Content starts

(* Let $\mathcal H$ be a Hilbert space and $N\geq 1$, and let $\mathcal O^N(\mathcal H)$ be the convex set of $N$-outcome POVMs $\mathsf M=(M_1,\dots,M_N)$ on $\mathcal H$. Then the boundary $\partial\mathcal O^N(\mathcal H)$ consists exactly of those $\mathsf M$ for which $0$ lies in the spectrum of $M_j$ for some $j\in\{1,\dots,N\}$.
   Context: An $N$-outcome POVM on $\mathcal H$ is a collection of positive operators $M_1,\dots,M_N\in\mathcal L(\mathcal H)$ with $\sum_j M_j=I$; convex combinations are taken componentwise. For elements of a convex set $Z$, $x\leq_C y$ means $y=tx+(1-t)z$ for some $z\in Z$ and $0<t\leq 1$; the boundary $\partial Z$ is the set of $y\in Z$ for which some $x\in Z$ has $x\not\leq_C y$. *)

theory Defs
  imports "HOL-Analysis.Analysis"
begin

text \<open>A complex Hilbert space is modelled as a real Hilbert space
('a :: {real_inner, complete_space}) together with a complex structure J
(multiplication by i): an orthogonal bounded real-linear map with J o J = -id.\<close>

definition complex_structure :: "('a::real_inner \<Rightarrow>\<^sub>L 'a) \<Rightarrow> bool" where
  "complex_structure J \<longleftrightarrow>
     (\<forall>x. J (J x) = - x) \<and> (\<forall>x y. inner (J x) (J y) = inner x y)"

text \<open>Complex inner product, linear in the second argument.\<close>
definition cinner :: "('a::real_inner \<Rightarrow>\<^sub>L 'a) \<Rightarrow> 'a \<Rightarrow> 'a \<Rightarrow> complex" where
  "cinner J x y = Complex (inner x y) (inner x (J y))"

definition cpx_linear :: "('a::real_normed_vector \<Rightarrow>\<^sub>L 'a) \<Rightarrow> ('a \<Rightarrow>\<^sub>L 'a) \<Rightarrow> bool" where
  "cpx_linear J A \<longleftrightarrow> A o\<^sub>L J = J o\<^sub>L A"

definition positive_op :: "('a::real_inner \<Rightarrow>\<^sub>L 'a) \<Rightarrow> ('a \<Rightarrow>\<^sub>L 'a) \<Rightarrow> bool" where
  "positive_op J A \<longleftrightarrow> cpx_linear J A \<and>
     (\<forall>x. Im (cinner J x (A x)) = 0 \<and> Re (cinner J x (A x)) \<ge> 0)"

definition cscalar :: "('a::real_normed_vector \<Rightarrow>\<^sub>L 'a) \<Rightarrow> complex \<Rightarrow> ('a \<Rightarrow>\<^sub>L 'a)" where
  "cscalar J c = Re c *\<^sub>R id_blinfun + Im c *\<^sub>R J"

definition op_invertible :: "('a::real_normed_vector \<Rightarrow>\<^sub>L 'a) \<Rightarrow> ('a \<Rightarrow>\<^sub>L 'a) \<Rightarrow> bool" where
  "op_invertible J A \<longleftrightarrow>
     (\<exists>B. cpx_linear J B \<and> B o\<^sub>L A = id_blinfun \<and> A o\<^sub>L B = id_blinfun)"

definition op_spectrum :: "('a::real_normed_vector \<Rightarrow>\<^sub>L 'a) \<Rightarrow> ('a \<Rightarrow>\<^sub>L 'a) \<Rightarrow> complex set" where
  "op_spectrum J A = {c. \<not> op_invertible J (A - cscalar J c)}"

text \<open>N-outcome POVMs, represented as functions nat => operators, indexed by 1..N
and set to 0 outside 1..N.\<close>
definition povms :: "('a::real_inner \<Rightarrow>\<^sub>L 'a) \<Rightarrow> nat \<Rightarrow> (nat \<Rightarrow> ('a \<Rightarrow>\<^sub>L 'a)) set" where
  "povms J N = {M. (\<forall>j\<in>{1..N}. positive_op J (M j)) \<and>
                   (\<Sum>j=1..N. M j) = id_blinfun \<and>
                   (\<forall>j. j \<notin> {1..N} \<longrightarrow> M j = 0)}"

definition leC :: "(nat \<Rightarrow> ('a::real_normed_vector \<Rightarrow>\<^sub>L 'a)) set \<Rightarrow>
                   (nat \<Rightarrow> ('a \<Rightarrow>\<^sub>L 'a)) \<Rightarrow> (nat \<Rightarrow> ('a \<Rightarrow>\<^sub>L 'a)) \<Rightarrow> bool" where
  "leC Z x y \<longleftrightarrow> (\<exists>z\<in>Z. \<exists>t::real. 0 < t \<and> t \<le> 1 \<and>
                    (\<forall>j. y j = t *\<^sub>R x j + (1 - t) *\<^sub>R z j))"

definition cboundary :: "(nat \<Rightarrow> ('a::real_normed_vector \<Rightarrow>\<^sub>L 'a)) set \<Rightarrow>
                         (nat \<Rightarrow> ('a \<Rightarrow>\<^sub>L 'a)) set" where
  "cboundary Z = {y\<in>Z. \<exists>x\<in>Z. \<not> leC Z x y}"

end

theory Submission
  imports Defs
begin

Content ends

## Task details
The count, and nothing else: how many lines of the entries contain the word "close"?

## Solution for this exercise
3